> [RECORDS SHOWN]:
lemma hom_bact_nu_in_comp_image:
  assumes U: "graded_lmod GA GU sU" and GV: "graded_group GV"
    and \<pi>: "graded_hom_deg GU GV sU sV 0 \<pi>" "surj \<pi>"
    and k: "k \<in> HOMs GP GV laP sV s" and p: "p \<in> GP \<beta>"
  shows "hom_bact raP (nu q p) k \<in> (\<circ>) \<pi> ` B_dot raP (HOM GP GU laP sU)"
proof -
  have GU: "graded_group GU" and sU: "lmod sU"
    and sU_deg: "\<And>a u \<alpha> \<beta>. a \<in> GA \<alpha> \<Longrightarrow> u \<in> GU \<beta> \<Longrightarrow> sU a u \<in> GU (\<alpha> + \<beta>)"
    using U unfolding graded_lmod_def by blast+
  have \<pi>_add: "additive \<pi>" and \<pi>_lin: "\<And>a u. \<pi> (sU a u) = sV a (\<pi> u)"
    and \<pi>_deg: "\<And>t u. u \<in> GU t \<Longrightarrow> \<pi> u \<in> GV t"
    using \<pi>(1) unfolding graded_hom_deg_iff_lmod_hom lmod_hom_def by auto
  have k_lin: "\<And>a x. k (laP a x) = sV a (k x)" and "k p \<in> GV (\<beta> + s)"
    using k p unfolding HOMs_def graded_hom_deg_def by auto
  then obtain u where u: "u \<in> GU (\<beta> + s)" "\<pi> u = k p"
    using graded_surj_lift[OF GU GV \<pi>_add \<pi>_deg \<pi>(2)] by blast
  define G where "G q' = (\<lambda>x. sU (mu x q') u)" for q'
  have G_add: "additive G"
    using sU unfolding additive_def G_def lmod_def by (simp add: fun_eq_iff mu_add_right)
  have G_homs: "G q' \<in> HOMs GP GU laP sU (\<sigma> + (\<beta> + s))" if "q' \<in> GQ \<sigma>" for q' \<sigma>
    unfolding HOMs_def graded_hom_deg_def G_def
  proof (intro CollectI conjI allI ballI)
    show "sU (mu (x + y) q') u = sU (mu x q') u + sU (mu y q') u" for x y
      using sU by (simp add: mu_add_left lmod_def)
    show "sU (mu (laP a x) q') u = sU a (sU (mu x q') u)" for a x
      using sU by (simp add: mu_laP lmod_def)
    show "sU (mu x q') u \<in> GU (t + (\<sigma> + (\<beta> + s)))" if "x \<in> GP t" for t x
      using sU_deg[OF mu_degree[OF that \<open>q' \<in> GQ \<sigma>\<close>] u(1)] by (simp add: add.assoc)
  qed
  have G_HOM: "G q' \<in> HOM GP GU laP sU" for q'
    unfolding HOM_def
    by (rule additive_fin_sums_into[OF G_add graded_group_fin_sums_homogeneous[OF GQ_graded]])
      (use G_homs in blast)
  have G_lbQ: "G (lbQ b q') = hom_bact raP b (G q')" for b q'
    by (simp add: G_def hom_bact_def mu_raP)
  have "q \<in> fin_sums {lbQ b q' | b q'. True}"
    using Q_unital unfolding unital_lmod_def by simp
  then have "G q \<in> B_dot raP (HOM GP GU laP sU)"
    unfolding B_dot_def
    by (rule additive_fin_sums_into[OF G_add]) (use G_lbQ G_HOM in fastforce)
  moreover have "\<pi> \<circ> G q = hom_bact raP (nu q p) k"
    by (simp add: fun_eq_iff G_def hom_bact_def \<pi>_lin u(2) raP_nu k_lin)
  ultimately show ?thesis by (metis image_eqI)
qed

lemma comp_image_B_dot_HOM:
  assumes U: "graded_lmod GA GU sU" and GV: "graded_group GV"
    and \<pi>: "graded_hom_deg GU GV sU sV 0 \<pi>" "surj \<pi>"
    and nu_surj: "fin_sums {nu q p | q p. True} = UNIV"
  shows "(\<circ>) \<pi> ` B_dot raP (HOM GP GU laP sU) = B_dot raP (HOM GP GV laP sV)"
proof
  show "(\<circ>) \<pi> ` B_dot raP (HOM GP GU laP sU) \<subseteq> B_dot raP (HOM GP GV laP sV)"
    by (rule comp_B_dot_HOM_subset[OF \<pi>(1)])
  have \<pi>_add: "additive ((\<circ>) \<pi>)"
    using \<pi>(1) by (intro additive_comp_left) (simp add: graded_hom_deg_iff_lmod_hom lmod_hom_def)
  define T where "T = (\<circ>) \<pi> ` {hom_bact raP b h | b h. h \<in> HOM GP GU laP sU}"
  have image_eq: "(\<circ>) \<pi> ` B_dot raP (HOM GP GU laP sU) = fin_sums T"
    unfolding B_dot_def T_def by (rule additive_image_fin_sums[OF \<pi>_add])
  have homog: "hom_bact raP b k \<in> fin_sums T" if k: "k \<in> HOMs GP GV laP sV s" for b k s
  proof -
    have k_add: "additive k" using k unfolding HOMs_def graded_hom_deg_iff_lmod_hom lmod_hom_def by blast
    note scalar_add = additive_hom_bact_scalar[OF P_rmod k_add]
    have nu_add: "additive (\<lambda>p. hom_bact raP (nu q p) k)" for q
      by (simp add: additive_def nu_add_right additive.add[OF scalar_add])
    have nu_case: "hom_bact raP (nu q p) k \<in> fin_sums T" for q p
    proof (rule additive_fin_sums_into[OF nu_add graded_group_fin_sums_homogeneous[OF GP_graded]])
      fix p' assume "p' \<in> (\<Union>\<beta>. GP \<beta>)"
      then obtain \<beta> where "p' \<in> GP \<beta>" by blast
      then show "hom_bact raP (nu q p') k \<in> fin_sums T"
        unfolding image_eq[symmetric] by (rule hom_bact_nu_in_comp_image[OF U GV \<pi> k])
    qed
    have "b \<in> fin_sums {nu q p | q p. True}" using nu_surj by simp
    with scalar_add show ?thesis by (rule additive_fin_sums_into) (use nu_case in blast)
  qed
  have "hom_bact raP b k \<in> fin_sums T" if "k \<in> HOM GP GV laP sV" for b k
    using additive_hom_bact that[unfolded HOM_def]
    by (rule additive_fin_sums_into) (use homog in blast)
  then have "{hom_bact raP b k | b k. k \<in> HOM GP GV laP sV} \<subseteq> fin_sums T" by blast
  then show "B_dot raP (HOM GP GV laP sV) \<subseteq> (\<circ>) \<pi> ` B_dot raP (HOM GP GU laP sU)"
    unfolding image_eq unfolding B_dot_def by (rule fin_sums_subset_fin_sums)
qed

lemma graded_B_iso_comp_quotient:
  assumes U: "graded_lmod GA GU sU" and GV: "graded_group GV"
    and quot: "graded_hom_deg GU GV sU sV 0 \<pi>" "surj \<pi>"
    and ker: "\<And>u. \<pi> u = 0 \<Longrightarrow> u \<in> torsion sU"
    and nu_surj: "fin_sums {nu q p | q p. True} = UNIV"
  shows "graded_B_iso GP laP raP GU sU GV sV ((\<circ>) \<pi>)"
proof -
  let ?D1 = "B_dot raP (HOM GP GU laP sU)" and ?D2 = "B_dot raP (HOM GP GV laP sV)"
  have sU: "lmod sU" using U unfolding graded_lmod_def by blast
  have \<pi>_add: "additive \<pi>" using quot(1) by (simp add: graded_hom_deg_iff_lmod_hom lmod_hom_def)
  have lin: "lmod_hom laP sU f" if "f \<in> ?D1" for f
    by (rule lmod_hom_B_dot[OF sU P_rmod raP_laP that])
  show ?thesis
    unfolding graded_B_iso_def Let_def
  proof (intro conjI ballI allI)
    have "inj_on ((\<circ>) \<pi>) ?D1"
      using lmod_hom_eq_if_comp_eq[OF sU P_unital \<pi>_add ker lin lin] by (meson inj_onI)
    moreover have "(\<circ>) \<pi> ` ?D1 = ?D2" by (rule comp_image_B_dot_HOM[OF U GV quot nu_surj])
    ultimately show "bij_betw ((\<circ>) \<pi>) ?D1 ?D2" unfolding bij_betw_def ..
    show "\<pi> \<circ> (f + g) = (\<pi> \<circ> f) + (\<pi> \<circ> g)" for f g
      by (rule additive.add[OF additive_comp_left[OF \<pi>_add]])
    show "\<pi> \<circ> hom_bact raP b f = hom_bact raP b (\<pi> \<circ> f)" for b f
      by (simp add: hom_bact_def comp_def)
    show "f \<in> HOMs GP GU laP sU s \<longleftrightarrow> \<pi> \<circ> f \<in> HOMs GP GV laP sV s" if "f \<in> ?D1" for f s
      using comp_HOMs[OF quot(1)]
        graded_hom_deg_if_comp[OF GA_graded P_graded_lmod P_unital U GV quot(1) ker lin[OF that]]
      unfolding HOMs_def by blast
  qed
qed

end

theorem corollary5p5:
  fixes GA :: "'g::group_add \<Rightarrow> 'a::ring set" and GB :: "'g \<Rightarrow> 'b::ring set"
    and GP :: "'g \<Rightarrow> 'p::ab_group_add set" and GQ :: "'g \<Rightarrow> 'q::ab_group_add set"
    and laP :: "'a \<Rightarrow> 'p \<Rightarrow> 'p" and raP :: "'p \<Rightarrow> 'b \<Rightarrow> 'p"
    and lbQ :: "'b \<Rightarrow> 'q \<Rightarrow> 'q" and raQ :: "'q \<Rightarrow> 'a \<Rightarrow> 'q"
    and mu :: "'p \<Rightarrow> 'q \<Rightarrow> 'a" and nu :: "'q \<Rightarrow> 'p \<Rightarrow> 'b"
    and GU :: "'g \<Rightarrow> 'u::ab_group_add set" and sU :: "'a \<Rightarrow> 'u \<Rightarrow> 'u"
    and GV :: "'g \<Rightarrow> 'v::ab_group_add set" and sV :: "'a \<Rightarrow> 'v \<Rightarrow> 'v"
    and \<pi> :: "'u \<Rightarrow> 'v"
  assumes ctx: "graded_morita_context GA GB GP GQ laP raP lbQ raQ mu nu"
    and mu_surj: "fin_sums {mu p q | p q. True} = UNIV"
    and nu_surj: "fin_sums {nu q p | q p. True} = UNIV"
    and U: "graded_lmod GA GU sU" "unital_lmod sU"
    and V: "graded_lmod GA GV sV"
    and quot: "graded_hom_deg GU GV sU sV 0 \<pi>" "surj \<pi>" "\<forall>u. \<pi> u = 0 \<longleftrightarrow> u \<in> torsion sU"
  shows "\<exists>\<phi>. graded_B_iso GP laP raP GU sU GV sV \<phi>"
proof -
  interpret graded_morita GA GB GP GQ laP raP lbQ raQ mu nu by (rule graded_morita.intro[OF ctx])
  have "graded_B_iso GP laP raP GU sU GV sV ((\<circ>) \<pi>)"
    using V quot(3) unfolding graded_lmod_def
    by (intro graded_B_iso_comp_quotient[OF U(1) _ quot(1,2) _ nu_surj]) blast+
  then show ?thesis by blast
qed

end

> [TASK GOAL]: Using the entries shown above, reproduce verbatim the lines from the line bearing "with scalar_add show" to the line bearing "by (rule additive.add[OF", inclusive.

> [ANSWER FOR THIS EXERCISE]:
    with scalar_add show ?thesis by (rule additive_fin_sums_into) (use nu_case in blast)
  qed
  have "hom_bact raP b k \<in> fin_sums T" if "k \<in> HOM GP GV laP sV" for b k
    using additive_hom_bact that[unfolded HOM_def]
    by (rule additive_fin_sums_into) (use homog in blast)
  then have "{hom_bact raP b k | b k. k \<in> HOM GP GV laP sV} \<subseteq> fin_sums T" by blast
  then show "B_dot raP (HOM GP GV laP sV) \<subseteq> (\<circ>) \<pi> ` B_dot raP (HOM GP GU laP sU)"
    unfolding image_eq unfolding B_dot_def by (rule fin_sums_subset_fin_sums)
qed

lemma graded_B_iso_comp_quotient:
  assumes U: "graded_lmod GA GU sU" and GV: "graded_group GV"
    and quot: "graded_hom_deg GU GV sU sV 0 \<pi>" "surj \<pi>"
    and ker: "\<And>u. \<pi> u = 0 \<Longrightarrow> u \<in> torsion sU"
    and nu_surj: "fin_sums {nu q p | q p. True} = UNIV"
  shows "graded_B_iso GP laP raP GU sU GV sV ((\<circ>) \<pi>)"
proof -
  let ?D1 = "B_dot raP (HOM GP GU laP sU)" and ?D2 = "B_dot raP (HOM GP GV laP sV)"
  have sU: "lmod sU" using U unfolding graded_lmod_def by blast
  have \<pi>_add: "additive \<pi>" using quot(1) by (simp add: graded_hom_deg_iff_lmod_hom lmod_hom_def)
  have lin: "lmod_hom laP sU f" if "f \<in> ?D1" for f
    by (rule lmod_hom_B_dot[OF sU P_rmod raP_laP that])
  show ?thesis
    unfolding graded_B_iso_def Let_def
  proof (intro conjI ballI allI)
    have "inj_on ((\<circ>) \<pi>) ?D1"
      using lmod_hom_eq_if_comp_eq[OF sU P_unital \<pi>_add ker lin lin] by (meson inj_onI)
    moreover have "(\<circ>) \<pi> ` ?D1 = ?D2" by (rule comp_image_B_dot_HOM[OF U GV quot nu_surj])
    ultimately show "bij_betw ((\<circ>) \<pi>) ?D1 ?D2" unfolding bij_betw_def ..
    show "\<pi> \<circ> (f + g) = (\<pi> \<circ> f) + (\<pi> \<circ> g)" for f g
      by (rule additive.add[OF additive_comp_left[OF \<pi>_add]])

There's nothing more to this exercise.